EDIT: Fixed some typos and clarified some wording.
An inductor stores energy in the magnetic field it produces. When the cell is disconnected, it collapses, and that energy is released into the circuit.
(A capacitor stores energy in the form of electrostatic charge)
I couldn’t follow your thoughts completely, how that tidbit helps. :8)
Also the diode would get hot because when passing current the power dissipated (heat) would be the current times the voltage drop across the junction, usually 0.6V for silicon. FET’s don’t have junctions so less heat.
Hope THAT helps.
Thanks for the link. I skimmed it. Seems relevant, but I will need some time to read it slow and understand it. It's deeper than my electronics knowledge. So it will take me some time to digest.
dchomak,
I was aware of those facts, but sure appreciate you making sure I was. What I'm wondering is what charge is present on both connections to the Inductor while the magnetic field is collapsing. I picture the Inductor basically having momentum in it from the flowing electrons. So it would seem the side that was connected to Batt + and the Diode being less positively charged than the side that is connected to the LED + Lead. I guess even though the Batt + side is less positive, it must be still higher than what the side of the Diode that connects to the LED Neg Lead is. It would have to be for my "DFET" to have worked because a N-Channel FET has to have a more positive charge on the Drain Pin than the Source Pin for it to allow current to flow through it.
The short answer is that it can and is, but to get the full advantage of it, it must be switches on/off exactly at the correct time. This is called synchronous rectification. You can get chips that is designed to control a FET for synchronous rectification.

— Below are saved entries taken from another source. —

definition Psi :: "('n::{finite,linorder} \<Rightarrow> 'n \<Rightarrow> real^2^2) \<Rightarrow> ((real,'n) vec, 'n) vec" where
  "Psi M = (\<chi> a b. \<Sum>(i,j)\<in>pairs.
      (if a = i \<and> b = i then M i j $ 1 $ 1
       else if a = i \<and> b = j then M i j $ 1 $ 2
       else if a = j \<and> b = i then M i j $ 2 $ 1
       else if a = j \<and> b = j then M i j $ 2 $ 2
       else 0))"

definition sym_mat :: "real^'m^'m \<Rightarrow> bool" where
  "sym_mat A \<longleftrightarrow> transpose A = A"

definition pos_def :: "real^'m^'m \<Rightarrow> bool" where
  "pos_def A \<longleftrightarrow> sym_mat A \<and> (\<forall>x. x \<noteq> 0 \<longrightarrow> x \<bullet> (A *v x) > 0)"

definition DD :: "(real^'n^'n) set" where
  "DD = {X. sym_mat X \<and> (\<forall>i. X $ i $ i \<ge> (\<Sum>j\<in>UNIV - {i}. \<bar>X $ i $ j\<bar>))}"

definition phi_DD :: "('n::{finite,linorder} \<Rightarrow> 'n \<Rightarrow> real^2^2) \<Rightarrow> ereal" where
  "phi_DD M = (if (\<forall>(i,j)\<in>pairs. M i j $ 1 $ 1 > \<bar>M i j $ 1 $ 2\<bar> \<and> M i j $ 2 $ 2 > \<bar>M i j $ 1 $ 2\<bar>)
     then ereal ((1/2) * (\<Sum>(i,j)\<in>pairs.
        ln ((M i j $ 1 $ 1)^2 - (M i j $ 1 $ 2)^2) + ln ((M i j $ 2 $ 2)^2 - (M i j $ 1 $ 2)^2)))
     else -\<infinity>)"

definition phi_SDD :: "('n::{finite,linorder} \<Rightarrow> 'n \<Rightarrow> real^2^2) \<Rightarrow> ereal" where
  "phi_SDD M = (if (\<forall>(i,j)\<in>pairs. pos_def (M i j))
     then ereal (\<Sum>(i,j)\<in>pairs. ln (M i j $ 1 $ 1 * M i j $ 2 $ 2 - (M i j $ 1 $ 2)^2))
     else -\<infinity>)"

definition h :: "real^'n^'n \<Rightarrow> ereal" where
  "h Y = (if pos_def Y
     then ereal ((real CARD('n) - 1) * ln (det Y)
                 - real CARD('n) * (real CARD('n) - 1) * ln (real CARD('n) - 1))
     else -\<infinity>)"

end

theory Submission
  imports Defs
begin

(* The first inequality holds termwise, since (a^2 - b^2)(d^2 - b^2) \<le> (a d - b^2)^2.
   For the second, let S be the inverse of Y = Psi M; it is positive definite.  For every pair
   i < j, the 2 x 2 principal submatrix S_ij of S satisfies 4 det S_ij det M_ij \<le> tr(S_ij M_ij)^2,
   and these traces add up to tr(S Y) = N, so concavity of ln bounds the sum of their logarithms.
   The remaining term, the sum of ln det S_ij, is bounded below by (N - 1) ln det S (a Szasz-type
   inequality), which follows by applying Hadamard's inequality to the Schur complement of each
   diagonal entry. *)

lemma sym_mat_entry: "sym_mat A \<Longrightarrow> A $ i $ j = A $ j $ i"
  unfolding sym_mat_def by (metis transpose_def vec_lambda_beta)

lemma pos_def_entry_sym: "pos_def A \<Longrightarrow> A $ i $ j = A $ j $ i"
  unfolding pos_def_def using sym_mat_entry by blast

lemma pos_def_diag_pos:
  fixes P :: "real^'n::finite^'n"
  assumes "pos_def P"
  shows "P $ k $ k > 0"
proof -
  have "axis k (1::real) \<bullet> (P *v axis k 1) > 0"
    using assms unfolding pos_def_def by simp
  moreover have "axis k (1::real) \<bullet> (P *v axis k 1) = P $ k $ k"
    unfolding inner_axis' matrix_vector_mult_basis by (simp add: column_def)
  ultimately show ?thesis by simp
qed
(* The algorithm Balance2 is not competitive for the infinite server problem on the real line.
   Context: Infinite server problem on the real line: an unbounded number of servers initially reside at a source point; a finite sequence of requests is revealed one by one; each must be served immediately, without knowledge of future requests, by moving a server to it; the cost is the total distance traveled. Balance2 serves a request $r$ by moving to $r$ a server $x$ minimizing $D_x+2d(x,r)$, where $D_x$ is the cumulative distance traveled by $x$ so far and $d(x,r)$ is its distance to $r$ (servers still at the source have $D_x=0$). An online algorithm is competitive if there are $\rho,c$ with $ALG(\sigma)\le\rho\,OPT(\sigma)+c$ for all request sequences $\sigma$. *)

theory Defs
  imports Complex_Main
begin

text \<open>A Balance2 state is the list of servers that have been used so far, each given by
  (current position, cumulative distance travelled D). All other (infinitely many)
  servers are still at the source with D = 0; index length st denotes such a fresh server.\<close>

type_synonym bstate = "(real \<times> real) list"

definition cand :: "bstate \<Rightarrow> real \<Rightarrow> real \<Rightarrow> nat \<Rightarrow> real" where
  "cand st s r i = (if i < length st then snd (st ! i) + 2 * \<bar>fst (st ! i) - r\<bar>
                    else 2 * \<bar>s - r\<bar>)"

definition move_cost :: "bstate \<Rightarrow> real \<Rightarrow> real \<Rightarrow> nat \<Rightarrow> real" where
  "move_cost st s r i = (if i < length st then \<bar>fst (st ! i) - r\<bar> else \<bar>s - r\<bar>)"

definition move_state :: "bstate \<Rightarrow> real \<Rightarrow> real \<Rightarrow> nat \<Rightarrow> bstate" where
  "move_state st s r i = (if i < length st
       then st[i := (r, snd (st ! i) + \<bar>fst (st ! i) - r\<bar>)]
       else st @ [(r, \<bar>s - r\<bar>)])"

text \<open>A (deterministic, history-dependent) tie-breaking policy: given the past requests
  and the current request it names the server to move.\<close>
type_synonym policy = "real list \<Rightarrow> real \<Rightarrow> nat"

fun bal_exec :: "real \<Rightarrow> policy \<Rightarrow> real list \<Rightarrow> nat \<Rightarrow> bstate \<times> real" where
  "bal_exec s pol \<sigma> 0 = ([], 0)"
| "bal_exec s pol \<sigma> (Suc n) =
     (let (st, c) = bal_exec s pol \<sigma> n; r = \<sigma> ! n; i = pol (take n \<sigma>) r
      in (move_state st s r i, c + move_cost st s r i))"

definition balance2_policy :: "real \<Rightarrow> policy \<Rightarrow> bool" where
  "balance2_policy s pol \<longleftrightarrow>
     (\<forall>\<sigma> n. n < length \<sigma> \<longrightarrow>
        (let st = fst (bal_exec s pol \<sigma> n); r = \<sigma> ! n; i = pol (take n \<sigma>) r
         in i \<le> length st \<and> (\<forall>j \<le> length st. cand st s r i \<le> cand st s r j)))"

definition balance2_cost :: "real \<Rightarrow> policy \<Rightarrow> real list \<Rightarrow> real" where
  "balance2_cost s pol \<sigma> = snd (bal_exec s pol \<sigma> (length \<sigma>))"

text \<open>Offline solutions: request i is served by server f i (servers indexed by nat, all
  starting at s); the server moves from its previous position to the request.\<close>
definition prev_pos :: "real \<Rightarrow> real list \<Rightarrow> (nat \<Rightarrow> nat) \<Rightarrow> nat \<Rightarrow> real" where
  "prev_pos s \<sigma> f i = (if \<exists>j<i. f j = f i then \<sigma> ! (GREATEST j. j < i \<and> f j = f i) else s)"

definition offline_cost :: "real \<Rightarrow> real list \<Rightarrow> (nat \<Rightarrow> nat) \<Rightarrow> real" where
  "offline_cost s \<sigma> f = (\<Sum>i<length \<sigma>. \<bar>\<sigma> ! i - prev_pos s \<sigma> f i\<bar>)"

definition opt_cost :: "real \<Rightarrow> real list \<Rightarrow> real" where
  "opt_cost s \<sigma> = Inf (range (offline_cost s \<sigma>))"

end

theory Submission
  imports Defs
begin

(* In phase k = 0, ..., m - 1 the adversary alternates 2m requests between s + a_k and
   s + a_k + h_k, where a_k = m - k and h_k = a_k / (2m).  Balance2 serves a whole phase with
   one server: a fresh one for the first request (cost a_k), then that same server shuttling
   at cost h_k, since every server of an earlier phase has already travelled more than
   2 (a_k + h_k), and a fresh server would cost 2 d(s, r) >= 2 a_k.  So Balance2 pays at least
   a_0 + ... + a_(m-1) = m (m + 1) / 2, whereas two servers, one for the requests of each
   parity, move monotonically towards s and pay at most 4m + 1. *)

(* The truncated subtraction keeps the request points nonnegative and antitone in k for all k. *)
definition phase_inner :: "nat \<Rightarrow> nat \<Rightarrow> real" where
  "phase_inner m k = real (m - k)"

definition phase_gap :: "nat \<Rightarrow> nat \<Rightarrow> real" where
  "phase_gap m k = phase_inner m k / (2 * real m)"

definition phase_outer :: "nat \<Rightarrow> nat \<Rightarrow> real" where
  "phase_outer m k = phase_inner m k + phase_gap m k"

definition phase_point :: "nat \<Rightarrow> nat \<Rightarrow> nat \<Rightarrow> real" where
  "phase_point m k j = (if even j then phase_inner m k else phase_outer m k)"
lemma perm_of_word_in_linext_iff:
  assumes xs: "xs \<in> arrangements"
  shows "perm_of_word xs \<in> linext P le w n \<longleftrightarrow> is_linext_list le P xs"
proof -
  have len: "length xs = n" and set_xs: "set xs = P" and "distinct xs"
    using xs length_arrangement by (auto simp: arrangements_def)
  have "perm_of_word xs \<in> linext P le w n \<longleftrightarrow> (\<forall>i<n. \<forall>j<n. plt le (xs ! i) (xs ! j) \<longrightarrow> i < j)"
    unfolding linext_def set_xs[symmetric] all_set_conv_all_nth len
    using perm_of_word_permutes[OF xs] inv_perm_of_word[OF xs] by auto
  also have "\<dots> \<longleftrightarrow> sorted_wrt (\<lambda>a b. \<not> plt le b a) xs"
    unfolding sorted_wrt_iff_nth_less len
  proof
    assume "\<forall>i<n. \<forall>j<n. plt le (xs ! i) (xs ! j) \<longrightarrow> i < j"
    then show "\<forall>i j. i < j \<longrightarrow> j < n \<longrightarrow> \<not> plt le (xs ! j) (xs ! i)"
      by (meson less_asym less_trans)
  next
    assume "\<forall>i j. i < j \<longrightarrow> j < n \<longrightarrow> \<not> plt le (xs ! j) (xs ! i)"
    then show "\<forall>i<n. \<forall>j<n. plt le (xs ! i) (xs ! j) \<longrightarrow> i < j"
      by (metis linorder_neqE_nat plt_def)
  qed
  finally show ?thesis using set_xs \<open>distinct xs\<close> by (simp add: is_linext_list_def)
qed

lemma nth_chop_block:
  assumes xs: "xs \<in> arrangements" and sum: "sum_list \<alpha> = n" and i: "i < length \<alpha>"
  shows "length (chop \<alpha> xs ! i) = \<alpha> ! i"
    and "\<And>t. t < \<alpha> ! i \<Longrightarrow> map w (chop \<alpha> xs ! i) ! t = perm_of_word xs (sum_list (take i \<alpha>) + 1 + t)"
    and "perm_of_word xs ` block \<alpha> (Suc i) = w ` set (chop \<alpha> xs ! i)"
proof -
  let ?s = "sum_list (take i \<alpha>)" and ?L = "\<alpha> ! i"
  have "?s + ?L = sum_list (take (Suc i) \<alpha>)" using i by (simp add: take_Suc_conv_app_nth)
  then have end_le: "?s + ?L \<le> length xs"
    using sum_take_le_sum_list[of "Suc i" \<alpha>] sum length_arrangement[OF xs] by simp
  have block_i: "chop \<alpha> xs ! i = take ?L (drop ?s xs)" using nth_chop[OF i] .
  show len: "length (chop \<alpha> xs ! i) = ?L" unfolding block_i using end_le by simp
  show entry: "map w (chop \<alpha> xs ! i) ! t = perm_of_word xs (?s + 1 + t)" if t: "t < ?L" for t
    using t end_le perm_of_word_Suc[of "?s + t" xs] length_arrangement[OF xs]
    unfolding block_i by simp
  show "perm_of_word xs ` block \<alpha> (Suc i) = w ` set (chop \<alpha> xs ! i)"
  proof (intro equalityI subsetI)
    fix y assume "y \<in> perm_of_word xs ` block \<alpha> (Suc i)"
    then obtain j where j: "j \<in> {?s + 1 .. ?s + ?L}" "y = perm_of_word xs j"
      using block_Suc[OF i] by auto
    then obtain t where t: "j = ?s + 1 + t" "t < ?L" by (intro that[of "j - (?s + 1)"]) auto
    then have "y = w (chop \<alpha> xs ! i ! t)" using entry[OF t(2)] j len by simp
    then show "y \<in> w ` set (chop \<alpha> xs ! i)" using t(2) len by auto
  next
    fix y assume "y \<in> w ` set (chop \<alpha> xs ! i)"
    then obtain t where t: "t < ?L" "y = w (chop \<alpha> xs ! i ! t)"
      using len by (auto simp: in_set_conv_nth)
    then have "y = perm_of_word xs (?s + 1 + t)" using entry[OF t(1)] len by simp
    moreover have "?s + 1 + t \<in> block \<alpha> (Suc i)" using block_Suc[OF i] t by auto
    ultimately show "y \<in> perm_of_word xs ` block \<alpha> (Suc i)" by blast
  qed
qed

Yes, an inductor acts like momentum. That is why I like the term freewheeling diode. A buck converter is like an old Saab car or an old American car with overdrive that saves gas because when you don’t need power the engine drops to an idle.
I don't know, but I imagine folks would say that is one cool diode.
HKJ wrote:
The short answer is that it can and is, but to get the full advantage of it, it must be switches on/off exactly at the correct time. This is called synchronous rectification. You can get chips that is designed to control a FET for synchronous rectification.
Thank for that info. So it sounds like in the case I mentioned in the OP that I may have lucked out and it worked fine. Maybe not ideally, but good enough.
I wonder if, for this very simple application, it works fine without switches to time on/off. The voltage change to the "back side" of the "DFET" when Ground is disconnected would allow current to flow, which is what is needed at that moment (Maybe not fast/early enough?). I need to get handy with an oscilloscope. I will convert a HX-1175 today and try to figure out what is going on here.
The body diode in a FET is a rather poor/inefficient diode. That is why FETs are not used as simple diodes. If you can control the gate properly, a FET makes a very good synchronous rectifier.
I don't know, but I imagine folks would say that is one cool diode.